One expression of our synesthetic capacities is metaphor-making, or the relating of seemingly unrelated things.
It is not surprising that artists are very good at metaphor-making. We rightly admire them for their creativity. But the very fact that we can understand metaphors, even without being the ones who created them, is symptomatic of the artist within each of us. The history of human experience is an ongoing history of metaphor reception, to which new metaphors are added in light of new experiences.
It almost seems as if there is a calling, deep within us, to create metaphors and live by them, until they become unable to carry us into uncertain futures, in light of which we must seek new metaphors.
Soul of the Universe
Where does this calling come from? We Whiteheadians believe that it comes from the divine metaphor-maker. We believe that the Soul of the universe is the one in whom the many truly become one in a synesthetic and loving way.
Moment by moment, this Soul receives all that happens in the universe and then weaves those happenings into whatever contrasts or harmonies are possible.
Toward what end? In Whitehead's philosophy one of the reasons the Soul of the universe gathers the many into one is for the sake of pleasure. She enjoys a harmony of contrasts, a togetherness of multiplicity. She might even enjoy the pleasure of a really good contradiction, in which tensions make the whole richer. The Soul of the universe -- thank the Lord -- is not a sycophant for logic at the expense of humor.
But another reason is to help us live our lives in satisfying ways. The beckoning of the divine One is to invite us into deeper forms of synesthesia, colored by love and a sense of beauty. It is to see the world in its connectedness and make connections where none seem apparent.
I say seem because, in truth, the universe in which we live is already connected. At one level it may seem as if there is no connection between Blue and Tuesday. But in truth everything is connected.
This is what God already knows. God knows that Tuesdays are Blue for some people, Green for others, and Dark Brown for still others. It is God's nature to share in the perspectives of the world.
We are made in God's image and our task is to grow into God's likeness. We do this by feeling the connections and responding in love, color by color, sound by sound, voice by voice.
Legends of Salvation
Legend has it that, at various times in human history, the Lord has sent saviors to help us feel the connections and live truthfully. To live them truthfully is to share in the rhapsodies of life, whatever their colors. The truth of this way is an adverb. It is not simply what we do but how we do what we do. It is a way that excludes no ways, a space that includes all spaces.

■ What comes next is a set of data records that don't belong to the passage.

(* Let $X=\{x_1,\dots,x_n\}$ be a finite set of alternatives, let $k\ge 1$ be an integer, let $\mathcal{B}=\{B_1,\dots,B_m\}$ be a collection of non-empty subsets of $X$ and let $\bm{c}$ be a choice function on $\mathcal{B}$ (i.e. $\bm{c}(B_i)\in B_i$). Write $b_i=|B_i|$. Then $(\mathcal{B},\bm{c})$ is rationalizable with $k^{th}$-order choice under limited attention if and only if there exist real numbers $u_1,\dots,u_n>0$ (one for each alternative), binary numbers $\delta_{ij}\in\{0,1\}$ ($i=1,\dots,m$, $j=1,\dots,n$), and a constant $M>0$ (the "big-$M$", taken arbitrarily large, so that a constraint with a term $(1-\delta_{ij})M$ is void when $\delta_{ij}=0$) such that: (1) for every $i$ and every $x_j\in B_i$ with $x_j\neq \bm{c}(B_i)$, writing $\bm{c}(B_i)=x_l$: $u_l> u_j-(1-\delta_{ij})M$; (2) $\delta_{ij}=0$ whenever $x_j\notin B_i$; (3) for all $i,j$ with $\bm{c}(B_i)\ne\bm{c}(B_j)$ and $\bm{c}(B_i),\bm{c}(B_j)\in B_i\cap B_j$: $\sum_{x_l\in B_i\setminus B_j}\delta_{il}+\sum_{x_l\in B_j\setminus B_i}\delta_{jl}\ge 1$; (4) for every $i$: $\sum_{x_j\in B_i}\delta_{ij}\ge\min\{k,b_i\}$.
   Context: A strict preference relation on $X$ is a complete, transitive and asymmetric binary relation $\succ$. An attention filter is a map $\Gamma$ from non-empty subsets of $X$ to subsets of $X$ such that $\Gamma(B)\subseteq B$ for every $B$, and $\Gamma(B)=\Gamma(B\setminus\{x\})$ for every $B$ and every $x\in B\setminus\Gamma(B)$. A data set $(\mathcal{B},\bm{c})$ is rationalizable with $k^{th}$-order choice under limited attention if there exist a strict preference relation $\succ$ and an attention filter $\Gamma$ with $|\Gamma(B)|\ge\min\{|B|,k\}$ for all non-empty $B\subseteq X$, such that for every $B\in\mathcal{B}$, $\bm{c}(B)$ is the $\succ$-maximal element of $\Gamma(B)$. (Intended interpretation: $\delta_{ij}=1$ iff $x_j\in\Gamma(B_i)$, and $u_j$ is a utility of $x_j$.) *)

theory Defs
  imports Complex_Main
begin

definition strict_preference :: "'a set \<Rightarrow> ('a \<times> 'a) set \<Rightarrow> bool" where
  "strict_preference X R \<longleftrightarrow>
     R \<subseteq> X \<times> X \<and>
     (\<forall>x\<in>X. \<forall>y\<in>X. x \<noteq> y \<longrightarrow> (x, y) \<in> R \<or> (y, x) \<in> R) \<and>
     trans R \<and>
     (\<forall>x y. (x, y) \<in> R \<longrightarrow> (y, x) \<notin> R)"

text \<open>An attention filter on the non-empty subsets of X.  (The guard
  B - {x} nonempty only avoids applying Gamma to the empty set, on which it is undefined.)\<close>
definition attention_filter :: "'a set \<Rightarrow> ('a set \<Rightarrow> 'a set) \<Rightarrow> bool" where
  "attention_filter X \<Gamma> \<longleftrightarrow>
     (\<forall>B. B \<subseteq> X \<and> B \<noteq> {} \<longrightarrow>
        \<Gamma> B \<subseteq> B \<and>
        (\<forall>x \<in> B - \<Gamma> B. B - {x} \<noteq> {} \<longrightarrow> \<Gamma> B = \<Gamma> (B - {x})))"

definition is_max_in :: "('a \<times> 'a) set \<Rightarrow> 'a set \<Rightarrow> 'a \<Rightarrow> bool" where
  "is_max_in R A a \<longleftrightarrow> a \<in> A \<and> (\<forall>y\<in>A. y \<noteq> a \<longrightarrow> (a, y) \<in> R)"

definition rationalizable_kLA ::
  "nat \<Rightarrow> 'a set \<Rightarrow> 'a set set \<Rightarrow> ('a set \<Rightarrow> 'a) \<Rightarrow> bool" where
  "rationalizable_kLA k X \<B> c \<longleftrightarrow>
     (\<exists>R \<Gamma>. strict_preference X R \<and> attention_filter X \<Gamma> \<and>
        (\<forall>B. B \<subseteq> X \<and> B \<noteq> {} \<longrightarrow> card (\<Gamma> B) \<ge> min (card B) k) \<and>
        (\<forall>B\<in>\<B>. is_max_in R (\<Gamma> B) (c B)))"

end

theory Submission
  imports Defs
begin

text \<open>Both sides are equivalent to the existence of a strict preference R together with
  consideration sets D B \<subseteq> B, one per observed menu, such that c B is the R-best element
  of D B, card (D B) \<ge> min (card B) k, and any two menus each containing the other's
  consideration set have the same choice.
  Given a rationalization, take D = \<Gamma>: removing unattended alternatives does not change an
  attention filter, so \<Gamma> B = \<Gamma> (B \<inter> B') = \<Gamma> B' for two such menus.  Conversely, the
  attention filter maps S to the alternatives of S not better than c B whenever some observed
  B satisfies D B \<subseteq> S \<subseteq> B, and to S itself otherwise.
  The big-M program encodes consideration sets by \<delta> B x = [x \<in> D B]: constraint (1) says
  that c B beats every attended alternative, and (3) is the consistency condition read
  contrapositively.  A utility is obtained from R by counting worse alternatives, and R from
  a utility by breaking ties along an injection into the naturals.\<close>

lemma attention_filter_subset:
  "attention_filter X \<Gamma> \<Longrightarrow> S \<subseteq> X \<Longrightarrow> S \<noteq> {} \<Longrightarrow> \<Gamma> S \<subseteq> S"
  unfolding attention_filter_def by blast

lemma attention_filter_Diff_singleton:
  assumes "attention_filter X \<Gamma>" "S \<subseteq> X" "x \<in> S - \<Gamma> S" "S - {x} \<noteq> {}"
  shows "\<Gamma> (S - {x}) = \<Gamma> S"
proof -
  have "S \<subseteq> X \<and> S \<noteq> {} \<longrightarrow> (\<forall>x \<in> S - \<Gamma> S. S - {x} \<noteq> {} \<longrightarrow> \<Gamma> S = \<Gamma> (S - {x}))"
    using assms(1) unfolding attention_filter_def by blast
  then show ?thesis
    using assms(2-4) by blast
qed

lemma attention_filter_Diff_unattended:
  assumes af: "attention_filter X \<Gamma>" and "finite D"
  shows "S \<subseteq> X \<Longrightarrow> \<Gamma> S \<noteq> {} \<Longrightarrow> \<Gamma> S \<inter> D = {} \<Longrightarrow> D \<subseteq> S \<Longrightarrow> \<Gamma> (S - D) = \<Gamma> S"
  using \<open>finite D\<close>
proof (induction D arbitrary: S)
  case empty
  then show ?case by simp
next
  case (insert x D)
  have "\<Gamma> S \<subseteq> S - {x}"
    using attention_filter_subset[OF af] insert.prems by blast
  then have remove_x: "\<Gamma> (S - {x}) = \<Gamma> S"
    using attention_filter_Diff_singleton[OF af] insert.prems by blast
  have "\<Gamma> (S - {x} - D) = \<Gamma> (S - {x})"
    using insert.IH[of "S - {x}"] insert.hyps(2) insert.prems remove_x by auto
  then show ?case
    using remove_x by (simp add: set_diff_eq)
qed

lemma attention_filter_eq_if_between:
  assumes "attention_filter X \<Gamma>" "finite S" "S \<subseteq> X" "\<Gamma> S \<noteq> {}" "\<Gamma> S \<subseteq> T" "T \<subseteq> S"
  shows "\<Gamma> T = \<Gamma> S"
proof -
  have "S - (S - T) = T"
    using assms(6) by blast
  then show ?thesis
    using attention_filter_Diff_unattended[of X \<Gamma> "S - T" S] assms by auto
qed

lemma attention_filter_eq_if_attention_in_Int:
  assumes af: "attention_filter X \<Gamma>" and "finite B" "finite B'" "B \<subseteq> X" "B' \<subseteq> X"
    and "\<Gamma> B \<noteq> {}" "\<Gamma> B' \<noteq> {}" "\<Gamma> B \<subseteq> B \<inter> B'" "\<Gamma> B' \<subseteq> B \<inter> B'"
  shows "\<Gamma> B = \<Gamma> B'"
proof -
  have "\<Gamma> (B \<inter> B') = \<Gamma> B"
    by (rule attention_filter_eq_if_between[OF af]) (use assms in auto)
  moreover have "\<Gamma> (B \<inter> B') = \<Gamma> B'"
    by (rule attention_filter_eq_if_between[OF af]) (use assms in auto)
  ultimately show ?thesis
    by simp
qed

All our lives we struggle to find this way. We confront evil and pretend that we can isolate it from our own hearts; we discover goodness and pretend that it is only in us but not in others. And yet always we are invited to welcome the colors, the sounds, the voices in a spirit of love.
This invitation is not simply imposed upon us from afar. It wells up within us as our own dream for life's fulness. Jews speak of it as the dream of Shalom.
Isn't it rich? Isn't it queer? It is almost as if She has made a covenant with us. It is almost as if she appears to us, revealing herself again and again, in the tears and laughter of ordinary experience, both broken and healed.
They say that the Soul of the universe is a dream weaver, too. They say that she harbors within her own primordial heart a hope that our dreams may join hers in splendor, that our lives and hers may be synesthetically complete. They say that She never gives up on us. She's always dreaming. Always weaving. Some of it conscious and some of it unconscious.
All ways and always.
Is it indeed in her image that we are made?
Is it her song that we, too, are singing?